Être Marjo, tiens, quelque part au fin fond de ma retraite (temporaire?), il me semble que je recevrais cet album de Caroline Néron comme un prix de consolation. En tout cas, ça donne une idée de la place que la fière rockeuse occupa dans le paysage musical québécois des années 80 et 90, d'Illégal à Chats sauvages. Méchante grosse place. Tellement grosse que Marie-Chantal Toupin — la seule à avoir vraiment tenté de l'occuper ces dernières années — était toute petite dedans, malgré ses attributs naturels et leur mise en marché énergique.

chagrin a donné de sa couleur à chacune de ses pièces, écrites par Jesse D. Vernon, un musicien de Bristol qui fraie depuis quelques années dans le cercle de Portishead. Loin de la mouvance bristolienne des Massive Attack, Tricky et autres porte-étendards de la vague trip-hop, Vernon berce l'oreille avec une instrumentation essentiellement acoustique, qui touche juste ce qu'il faut, au gré d'effluves latines ou de cuivres languissants, de blues coulants qui viennent enrober la voix de crooner de Vernon. Le mixage a été confié à John Parish, réputé ingénieur qui a notamment travaillé avec PJ Harvey, Tom Waits et Eels, qui n'ont rien d'amateurs. Son travail donne une dimension remarquable à l'ensemble. Pas seulement pour les étoiles du matin, le disque pourrait accompagner tous les matins du monde, pour ses ambiances embrumées. Pour l'humilité du titre aussi, My Place In The Dust.

Bernard Lamarche

Ether Teeth

Fog

(Ninja Tune)

Cet album ne saurait mieux porter son nom, tant il touche à tout, de l'éthéré au rock (un peu) plus mordant. Rencontre franche entre le rock indépendant et la culture électronique, le second album d'Andrew Bowder, alias Fog, réserve encore son lot de surprises. Encore une fois, Fog allie la naïveté du rock indépendant avec la culture du turntablism: deux antipodes. Les scratchs, les échantillons (notamment de sons d'oiseaux sur See it? See it?) viennent agrémenter des pièces acoustiques, jouées au piano et à la guitare et où parfois la flûte traversière vient faire son tour. Bowder s'adonnait à une mouture post-rock (avec Lateduster, du Minnesota, sa contrée natale) avant de s'aligner sur la pratique de DJ. Si les ritournelles sont simples, les sonorités qui les supportent, elles, le sont beaucoup moins.

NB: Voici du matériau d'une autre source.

text \<open>Bracket of g-valued series, bilinear over the scalar series
 (all series occurring have, for each monomial, finitely many z-powers).\<close>
definition brS :: "(('n::finite) g \<Rightarrow> ('n::finite) g \<Rightarrow> ('n::finite) g) \<Rightarrow> ('n::finite) GS \<Rightarrow> ('n::finite) GS \<Rightarrow> ('n::finite) GS" where
  "brS br U V = (\<lambda>M j. \<Sum>M1\<in>{M1. M1 \<subseteq># M}. \<Sum>j1\<in>{j1. U M1 j1 \<noteq> 0}.
                         br (U M1 j1) (V (M - M1) (j - j1)))"

definition uz :: "('n::finite) hd set \<Rightarrow> (('n::finite) hd \<Rightarrow> ('n::finite) g) \<Rightarrow> ('n::finite) GS" where
  "uz D f = (\<lambda>M j. \<Sum>q\<in>{q. M = {#q#} \<and> fst q \<in> D \<and> snd q = j}. f (fst q))"

definition constS :: "('n::finite) g \<Rightarrow> ('n::finite) GS" where
  "constS a = (\<lambda>M j. if M = {#} \<and> j = 0 then a else 0)"

definition dzS :: "('n::finite) GS \<Rightarrow> ('n::finite) GS" where
  "dzS U = (\<lambda>M j. of_int (j + 1) *s U M (j + 1))"

text \<open>Replace each b in g by b(z) = sum_p b_p z^(-p-1).\<close>
definition realizeW :: "('n::finite) GS \<Rightarrow> ('n::finite) W" where
  "realizeW V = ((\<lambda>M j p. V M (j + p + 1)), (\<lambda>M j. 0))"

definition centralW :: "(('n::finite) mono \<Rightarrow> int \<Rightarrow> complex) \<Rightarrow> ('n::finite) W" where
  "centralW s = ((\<lambda>M j p. 0), s)"

definition formS :: "(('n::finite) g \<Rightarrow> ('n::finite) g \<Rightarrow> complex) \<Rightarrow> ('n::finite) GS \<Rightarrow> ('n::finite) g \<Rightarrow> (('n::finite) mono \<Rightarrow> int \<Rightarrow> complex)" where
  "formS B U a = (\<lambda>M j. B (U M j) a)"

end

theory Submission imports Defs begin

text \<open>Each application of ad u(x) to an element of the form b(z) gives the bracket with u(z),
  the modes of u(x) being absorbed into the powers of z, plus a multiple of c coming from the
  cocycle of the affine bracket; on the iterate (ad u(z))^(k-1) a this multiple is the pairing of
  \<partial>u(z)/\<partial>z with it. Expanding (ad u(z))^(k-1) as a sum over words in the variables and
  moving all brackets across the invariant form reverses each word and costs (-1)^(k-1), which
  turns the pairing into ((ad u(z))^(k-1) (\<partial>u(z)/\<partial>z), a). The identity is formal: only
  bilinearity and antisymmetry of the bracket and invariance and symmetry of the form are used.\<close>

lemma lie_bracket_add_left: "lie_algebra br \<Longrightarrow> br (x + y) z = br x z + br y z"
  unfolding lie_algebra_def by metis

lemma lie_bracket_add_right: "lie_algebra br \<Longrightarrow> br x (y + z) = br x y + br x z"
  unfolding lie_algebra_def by metis

lemma lie_bracket_scale_right: "lie_algebra br \<Longrightarrow> br x (c *s y) = c *s br x y"
  unfolding lie_algebra_def by metis

lemma lie_bracket_self: "lie_algebra br \<Longrightarrow> br x x = 0"
  unfolding lie_algebra_def by metis

lemma lie_bracket_zero_left: "lie_algebra br \<Longrightarrow> br 0 y = 0"
  using lie_bracket_add_left[of br 0 0 y] by simp

lemma lie_bracket_zero_right: "lie_algebra br \<Longrightarrow> br x 0 = 0"
  using lie_bracket_add_right[of br x 0 0] by simp

lemma lie_bracket_sum_right: "lie_algebra br \<Longrightarrow> br x (sum g A) = (\<Sum>i\<in>A. br x (g i))"
  by (induction A rule: infinite_finite_induct)
    (simp_all add: lie_bracket_zero_right lie_bracket_add_right)

lemma lie_bracket_antisym: "lie_algebra br \<Longrightarrow> br x y = - br y x"
  using lie_bracket_self[of br "x + y"] lie_bracket_self[of br x] lie_bracket_self[of br y]
  by (simp add: lie_bracket_add_left lie_bracket_add_right eq_neg_iff_add_eq_0)

lemma invariant_form_add_left: "invariant_form br B \<Longrightarrow> B (x + y) z = B x z + B y z"
  unfolding invariant_form_def by metis

lemma invariant_form_scale_left: "invariant_form br B \<Longrightarrow> B (c *s x) y = c * B x y"
  unfolding invariant_form_def by metis

lemma invariant_form_commute: "invariant_form br B \<Longrightarrow> B x y = B y x"
  unfolding invariant_form_def by metis

lemma invariant_form_bracket: "invariant_form br B \<Longrightarrow> B (br x y) z = B x (br y z)"
  unfolding invariant_form_def by metis
lemma invariant_form_minus_left: "invariant_form br B \<Longrightarrow> B (- x) y = - B x y"
  using invariant_form_scale_left[of br B "-1" x y] by (simp only: vector_sneg_minus1[of x]) simp

lemma invariant_form_zero_left: "invariant_form br B \<Longrightarrow> B 0 y = 0"
  using invariant_form_add_left[of br B 0 0 y] by simp

lemma invariant_form_zero_right: "invariant_form br B \<Longrightarrow> B x 0 = 0"
  using invariant_form_commute[of br B x 0] invariant_form_zero_left[of br B x] by simp

lemma invariant_form_sum_left:
  "invariant_form br B \<Longrightarrow> B (sum g A) y = (\<Sum>i\<in>A. B (g i) y)"
  by (induction A rule: infinite_finite_induct)
    (simp_all add: invariant_form_zero_left invariant_form_add_left)

lemma invariant_form_sum_right:
  assumes "invariant_form br B"
  shows "B x (sum g A) = (\<Sum>i\<in>A. B x (g i))"
proof -
  have "B x (sum g A) = (\<Sum>i\<in>A. B (g i) x)"
    using assms by (simp only: invariant_form_commute[of br B x] invariant_form_sum_left)
  also have "\<dots> = (\<Sum>i\<in>A. B x (g i))"
    using assms by (intro sum.cong refl) (rule invariant_form_commute)
  finally show ?thesis .
qed

lemma finite_submultisets: "finite {N. N \<subseteq># M}"
proof (rule finite_subset)
  show "{N. N \<subseteq># M} \<subseteq> mset ` {xs. set xs \<subseteq> set_mset M \<and> length xs \<le> size M}"
  proof
    fix N assume "N \<in> {N. N \<subseteq># M}"
    moreover obtain xs where "N = mset xs" using ex_mset by metis
    ultimately show "N \<in> mset ` {xs. set xs \<subseteq> set_mset M \<and> length xs \<le> size M}"
      by (auto intro!: rev_image_eqI dest: mset_subset_eqD size_mset_mono)
  qed
  show "finite (mset ` {xs. set xs \<subseteq> set_mset M \<and> length xs \<le> size M})"
    by (intro finite_imageI finite_lists_length_le) simp
qed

Le disque fait maison détonne un peu par rapport à l'esthétique de l'étiquette Ninja Tune, mis à part l'éclectique formation Clouddead (sur Mush Records et Big Dada, le sous-label hip-hop de Ninja Tune). Justement, c'est un des MC's de Clouddead, Dose One, qui a introduit Fog chez Ninja Tune. La filiation est évidente. Du indie rock, Fog conserve une attitude lâche qui le sert tout particulièrement sur une pièce comme Cheerup Cheerily, toute en textures et en glitch malgré son titre. Une pièce comme What A Day Day a le côté sec du rock garage et un texte loufoque: «It's great to see the people that you saw yesterday /See them today, And say Hey! Hey they say and you go your own way / It's great to be the people that they saw yesterday.» À l'inverse, des plages planantes où on décèle les influences post-rock ont une belle ampleur sonore. Franchement, tout ce qui enlève de la fraîcheur à ce disque est le précédent du monsieur, l'éponyme Fog, tout simplement excellent dans son approche tous azimuts.

B. L.

Onze chansons pour faire pleurer les morts-vivants

Yesterday's Ring

(Dare to Care/

Local Distribution)

Preuve que The Sainte Catherines s'ouvre sur d'autres horizons, il faut prêter l'oreille à cette collection de chansons «folk-punk-country», comme le dit le communiqué. Soutenu par une instrumentation acoustique — guitares acoustiques, harmonica, violon, piano —, enregistré live entre amis, ce disque est le versant acoustique du groupe, auquel quatre membres ont prêté leur secours: Marc-André Beaudet, Frédéric Jacques, Louis Valiquette et Hugo Mudie (qui est aussi le fondateur de l'étiquette Dare to Care). Tout simplement excellent. Avec un sens bien réel de l'affliction pour faire brailler les mères, justement, comme le soutient un des titres: J'aurais jamais pensé faire une chanson pour faire pleurer les mères. On s'étonnera avec grand plaisir des versions revues et corrigées de Plein de tendresse (oui, oui, de Claude Dubois) et des Routes de l'ennui (de Gilles Valiquette). En anglais comme en français, l'énergie du punk relève la sauce d'un folk senti, rendu par des messieurs qui savent ce qu'ils font. Donne le goût de partir sur les grands chemins... ou de se pencher sur les coups que la vie peut porter, c'est selon. N'hésitez pas à vous le procurer, pour la musique, certes, mais aussi pour ceci: une partie des profits sera versée à l'organisme L'Anonyme.

B. L.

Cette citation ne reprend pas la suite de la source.